TASK INSTRUCTIONS ▸
Provide only the number of lines below in which the string "noteq" occurs.

· · · · ·

lemma comm_move_eqv: "u \<in> lists S \<Longrightarrow> comm_move m u v \<Longrightarrow> eqv u v"
  unfolding comm_move_def
  using eqv_braid[of _ _ 2] eqv_append_cong by (fastforce simp: numeral_eq_enat numeral_2_eq_2)

lemma comm_eqv_imp_comm_moves: "comm_eqv u v \<Longrightarrow> u \<in> lists S \<Longrightarrow> (comm_move m)\<^sup>*\<^sup>* u v"
proof (induction rule: equivclp_induct)
  case (step y z)
  have "comm_eqv u z" using step(1,2) by (rule equivclp_into_equivclp)
  then have "z \<in> lists S" using comm_eqv_set step(4) by (metis in_lists_conv_set)
  then have "comm_move m y z" using step(2) comm_move_swap by blast
  with step show ?case by (meson rtranclp.rtrancl_into_rtrancl)
qed simp

lemma comm_eqv_imp_eqv:
  assumes "comm_eqv u v" "u \<in> lists S"
  shows "eqv u v"
  using comm_eqv_imp_comm_moves[OF assms]
proof (induction rule: rtranclp_induct)
  case (step y z)
  have "y \<in> lists S"
    using assms(2) comm_eqv_set[OF rtranclp_into_equivclp[OF step(1)]]
    by (simp add: in_lists_conv_set)
  then show ?case using step comm_move_eqv by (blast intro: eqv_trans)
qed simp

definition has_forbidden_factor :: "'a list \<Rightarrow> bool" where
  "has_forbidden_factor u \<longleftrightarrow> (\<exists>x y a. u = x @ [a, a] @ y)
     \<or> (\<exists>x y a b k. a \<noteq> b \<and> m a b = enat k \<and> 3 \<le> k \<and> u = x @ alt_word a b k @ y)"

definition fc_word :: "'a list \<Rightarrow> bool" where
  "fc_word w \<longleftrightarrow> (\<forall>u. comm_eqv w u \<longrightarrow> \<not> has_forbidden_factor u)"

lemma has_forbidden_factor_append: "has_forbidden_factor u \<Longrightarrow> has_forbidden_factor (u @ q)"
  unfolding has_forbidden_factor_def by (metis append.assoc)

lemma fc_word_prefix: "fc_word (w @ q) \<Longrightarrow> fc_word w"
  unfolding fc_word_def using comm_eqv_snoc has_forbidden_factor_append by blast

lemma fc_word_comm_eqv: "fc_word w \<Longrightarrow> comm_eqv w w' \<Longrightarrow> fc_word w'"
  unfolding fc_word_def by (meson equivclp_trans)

lemma not_fc_word_if_forbidden: "has_forbidden_factor u \<Longrightarrow> \<not> fc_word u"
  unfolding fc_word_def by (meson equivclp_refl)

lemma not_fc_word_snoc_snoc: "\<not> fc_word (w @ [a, a])"
  by (rule not_fc_word_if_forbidden) (unfold has_forbidden_factor_def, blast)

lemma fc_word_braid_factor_length:
  assumes "fc_word v" "comm_eqv v (y @ alt_word a b k)" "a \<noteq> b" "m a b = enat k"
  shows "k \<le> 2"
proof (rule ccontr)
  assume "\<not> k \<le> 2"
  then have "has_forbidden_factor (y @ alt_word a b k)"
    unfolding has_forbidden_factor_def using assms(3,4)
    by (intro disjI2 exI[of _ y] exI[of _ "[]"] exI[of _ a] exI[of _ b] exI[of _ k]) simp
  then show False using assms(1,2) unfolding fc_word_def by blast
qed

text \<open>The induction step of \<open>fc_word_reduced_comm_eqv\<close>, from length \<open>n\<close> to \<open>n + 1\<close>.\<close>
context
  fixes n :: nat
  assumes IH: "\<And>w u. w \<in> lists S \<Longrightarrow> length w = n \<Longrightarrow> fc_word w \<Longrightarrow>
    reduced w \<and> (eqv w u \<longrightarrow> length u = n \<longrightarrow> comm_eqv w u)"
begin

lemma fc_word_snoc_reduced:
  assumes v: "v \<in> lists S" "length v = n" and s: "s \<in> S" and fc: "fc_word (v @ [s])"
  shows "reduced (v @ [s])"
proof (rule ccontr)
  note IH_v = IH[OF v fc_word_prefix[OF fc]]
  assume "\<not> reduced (v @ [s])"
  then obtain d where d: "eqv (v @ [s]) d" "length d < Suc n"
    using v unfolding reduced_def by fastforce
  have "length d \<noteq> n" using eqv_even_length[OF d(1)] v by auto
  have v_d: "eqv v (d @ [s])" using eqv_move_right[of "[s]"] d(1) s by simp
  moreover have "reduced v" using IH_v by blast
  ultimately have "n \<le> length (d @ [s])" using v(2) unfolding reduced_def by blast
  with d(2) \<open>length d \<noteq> n\<close> have "length (d @ [s]) = n" by simp
  then have "comm_eqv v (d @ [s])" using IH_v v_d by simp
  then have "comm_eqv (v @ [s]) (d @ [s, s])" using comm_eqv_snoc[of v "d @ [s]" "[s]"] by simp
  then have "fc_word (d @ [s, s])" by (rule fc_word_comm_eqv[OF fc])
  then show False using not_fc_word_snoc_snoc by simp
qed

lemma fc_word_snoc_comm_eqv:
  assumes v: "v \<in> lists S" "length v = n" and s: "s \<in> S" and fc: "fc_word (v @ [s])"
    and u: "eqv (v @ [s]) (u @ [r])" "length u = n"
  shows "comm_eqv (v @ [s]) (u @ [r])"
proof (cases "r = s")
  case True
  then have "eqv v u" using u(1) eqv_cancel_right[of "[s]"] s by simp
  then have "comm_eqv v u" using IH[OF v fc_word_prefix[OF fc]] u(2) by blast
  then show ?thesis using comm_eqv_snoc True by blast
next
  case False
  have r: "r \<in> S" using eqv_lists[OF u(1)] v s by simp
  have red: "reduced (v @ [s])" using fc_word_snoc_reduced[OF v s fc] .
  have "\<not> reduced ((v @ [s]) @ [s])" "\<not> reduced ((v @ [s]) @ [r])"
    using not_reduced_snoc_eqv_snoc[OF s, of "v @ [s]" v] not_reduced_snoc_eqv_snoc[OF r u(1)] v u(2)
    by simp_all
  then obtain k y where k: "m s r = enat k" and y: "eqv (v @ [s]) (y @ alt_word s r k)"
      "eqv (v @ [s]) (y @ alt_word r s k)" "length y + k = Suc n"
    using two_right_descents[OF _ red s r \<open>r \<noteq> s\<close>[symmetric]] v s by auto
  have "2 \<le> k" using m_ge_2[OF s r] False k by (simp add: numeral_eq_enat)
  then obtain k' where k': "k = Suc k'" by (cases k) auto
  define a b where "a = (if even k' then s else r)" and "b = (if even k' then r else s)"
  have ab: "a \<noteq> b" "m a b = enat k" "{a, b} = {s, r}"
    using False k m_sym[OF s r] by (auto simp: a_def b_def)
  have q: "alt_word a b k = alt_word a b k' @ [s]"
    unfolding k' alt_word_Suc_snoc by (simp add: a_def b_def)
  have v_eqv: "eqv (v @ [s]) (y @ alt_word a b k)" using y by (simp add: a_def b_def)
  then have "eqv v (y @ alt_word a b k')"
    using eqv_cancel_right[of "[s]" v "y @ alt_word a b k'"] s q by simp
  moreover have "length (y @ alt_word a b k') = n" using y(3) k' by simp
  ultimately have "comm_eqv v (y @ alt_word a b k')"
    using IH[OF v fc_word_prefix[OF fc]] by blast
  then have to_braid: "comm_eqv (v @ [s]) (y @ alt_word a b k)"
    using comm_eqv_snoc q by fastforce
  then have "k = 2" using fc_word_braid_factor_length[OF fc _ ab(1,2)] \<open>2 \<le> k\<close> by simp
  then have "a = r" "b = s" by (simp_all add: a_def b_def k')
  then have "comm_eqv (v @ [s]) (y @ [r, s])" using to_braid \<open>k = 2\<close> by (simp add: numeral_2_eq_2)
  moreover have "comm_move m (y @ [r, s] @ []) (y @ [s, r] @ [])"
    unfolding comm_move_def using ab \<open>a = r\<close> \<open>b = s\<close> \<open>k = 2\<close> by (auto simp: numeral_eq_enat)
  ultimately have to_sr: "comm_eqv (v @ [s]) (y @ [s] @ [r])"
    by (simp add: equivclp_into_equivclp)
  have fc_ys: "fc_word (y @ [s])"
    using fc_word_comm_eqv[OF fc to_sr] fc_word_prefix[of "y @ [s]" "[r]"] by simp
  have "eqv (y @ [s]) u"
  proof -
    have "eqv (y @ [s] @ [r]) (u @ [r])"
      using eqv_trans[OF eqv_sym[OF comm_eqv_imp_eqv[OF to_sr]] u(1)] v s by simp
    then show ?thesis using eqv_cancel_right[of "[r]" "y @ [s]" u] r by simp
  qed
  moreover have "y @ [s] \<in> lists S" using eqv_lists[OF v_eqv] v s by simp
  moreover have "length (y @ [s]) = n" using y(3) \<open>k = 2\<close> by simp
  ultimately have "comm_eqv (y @ [s]) u" using IH[OF _ _ fc_ys] u(2) by blast
  then show ?thesis using to_sr comm_eqv_snoc[of "y @ [s]" u "[r]"] by (simp add: equivclp_trans)
qed

end

theorem fc_word_reduced_comm_eqv:
  assumes "w \<in> lists S" "fc_word w"
  shows "reduced w \<and> (\<forall>u. eqv w u \<longrightarrow> length u = length w \<longrightarrow> comm_eqv w u)"
proof -
  have "\<forall>w u. w \<in> lists S \<longrightarrow> length w = n \<longrightarrow> fc_word w \<longrightarrow>
      reduced w \<and> (eqv w u \<longrightarrow> length u = n \<longrightarrow> comm_eqv w u)" for n
  proof (induction n)
    case 0
    show ?case by (simp add: reduced_def)
  next
    case (Suc n)
    note IH = Suc.IH[rule_format]
    show ?case
    proof (intro allI impI conjI)
      fix w u assume w: "w \<in> lists S" "length w = Suc n" "fc_word w"
      then obtain v s where ws: "w = v @ [s]" by (cases w rule: rev_exhaust) auto
      have v: "v \<in> lists S" "length v = n" and s: "s \<in> S" and fc: "fc_word (v @ [s])"
        using w ws by auto
      show "reduced w" using fc_word_snoc_reduced[OF IH v s fc] ws by simp
      assume "eqv w u" "length u = Suc n"
      then obtain u' r where "u = u' @ [r]" "length u' = n"
        by (cases u rule: rev_exhaust) auto
      then show "comm_eqv w u"
        using fc_word_snoc_comm_eqv[OF IH v s fc] \<open>eqv w u\<close> ws by simp
    qed
  qed
  then show ?thesis using assms by blast
qed

lemma mem_reduced_exprs_iff:
  assumes "w \<in> lists S"
  shows "v \<in> reduced_exprs (elem w) \<longleftrightarrow> eqv w v \<and> reduced v"
proof
  assume v: "v \<in> reduced_exprs (elem w)"
  then have "eqv w v" and len: "length v = cox_length (elem w)"
    unfolding reduced_exprs_def cox_elem_def by auto
  moreover have "length v \<le> length u" if "eqv v u" for u
  proof -
    have "u \<in> elem w" using \<open>eqv w v\<close> that eqv_trans unfolding cox_elem_def by blast
    then show ?thesis unfolding len cox_length_def by (intro Least_le) blast
  qed
  ultimately show "eqv w v \<and> reduced v" unfolding reduced_def by blast
next
  assume v: "eqv w v \<and> reduced v"
  have "cox_length (elem w) = length v" unfolding cox_length_def
  proof (rule Least_equality)
    show "\<exists>u\<in>elem w. length u = length v" using v unfolding cox_elem_def by blast
  next
    fix n assume "\<exists>u\<in>elem w. length u = n"
    then obtain u where "eqv w u" "length u = n" unfolding cox_elem_def by blast
    then show "length v \<le> n" using v eqv_trans eqv_sym unfolding reduced_def by blast
  qed
  then show "v \<in> reduced_exprs (elem w)" using v unfolding reduced_exprs_def cox_elem_def by simp
qed

lemma reduced_exprs_nonempty: "\<exists>v. v \<in> reduced_exprs (elem w)"
proof -
  have "w \<in> elem w" by (simp add: cox_elem_def)
  then have "\<exists>n. \<exists>v\<in>elem w. length v = n" by blast
  then have "\<exists>v\<in>elem w. length v = cox_length (elem w)" unfolding cox_length_def by (rule LeastI_ex)
  then show ?thesis unfolding reduced_exprs_def by blast
qed

lemma cox_length_reduced: "w \<in> lists S \<Longrightarrow> reduced w \<Longrightarrow> cox_length (elem w) = length w"
  using mem_reduced_exprs_iff[of w w] unfolding reduced_exprs_def by simp

lemma finite_fc_elements: "finite (fc_elements S m l)"
proof -
  have "fc_elements S m l \<subseteq> elem ` {w. set w \<subseteq> S \<and> length w = l}"
  proof
    fix X assume "X \<in> fc_elements S m l"
    then obtain w where w: "w \<in> lists S" "X = elem w" "cox_length X = l"
      unfolding fc_elements_def coxeter_group_def by auto
    obtain v where v: "v \<in> reduced_exprs (elem w)" using reduced_exprs_nonempty by blast
    then have "eqv w v" using mem_reduced_exprs_iff[OF w(1)] by blast
    then have "v \<in> {w. set w \<subseteq> S \<and> length w = l}"
      using eqv_lists[OF _ w(1)] v w(2,3) by (auto simp: reduced_exprs_def in_lists_conv_set)
    moreover have "X = elem v" using w(2) \<open>eqv w v\<close> elem_eq_iff by blast
    ultimately show "X \<in> elem ` {w. set w \<subseteq> S \<and> length w = l}" by (rule rev_image_eqI)
  qed
  then show ?thesis by (rule finite_surj[OF finite_lists_length_eq[OF finite_S]])
qed

lemma filter_pair_comm_moves:
  assumes ab: "a \<in> S" "b \<in> S" "m a b \<noteq> 2" and moves: "(comm_move m)\<^sup>*\<^sup>* u v"
  shows "filter (\<lambda>c. c = a \<or> c = b) u = filter (\<lambda>c. c = a \<or> c = b) v"
  using moves
proof (induction rule: rtranclp_induct)
  case (step v w)
  then obtain x y s t where st: "m s t = 2" "v = x @ [s, t] @ y" "w = x @ [t, s] @ y"
    unfolding comm_move_def by blast
  have "\<not> ((s = a \<or> s = b) \<and> (t = a \<or> t = b))" if "s \<noteq> t"
    using st(1) ab m_sym that by auto
  then have swap: "filter (\<lambda>c. c = a \<or> c = b) [s, t] = filter (\<lambda>c. c = a \<or> c = b) [t, s]"
    by auto
  have "filter (\<lambda>c. c = a \<or> c = b) v = filter (\<lambda>c. c = a \<or> c = b) w"
    unfolding st(2,3) filter_append swap by (rule refl)
  then show ?case using step.IH by simp
qed simp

· · · · ·

TASK SOLUTION ▸
8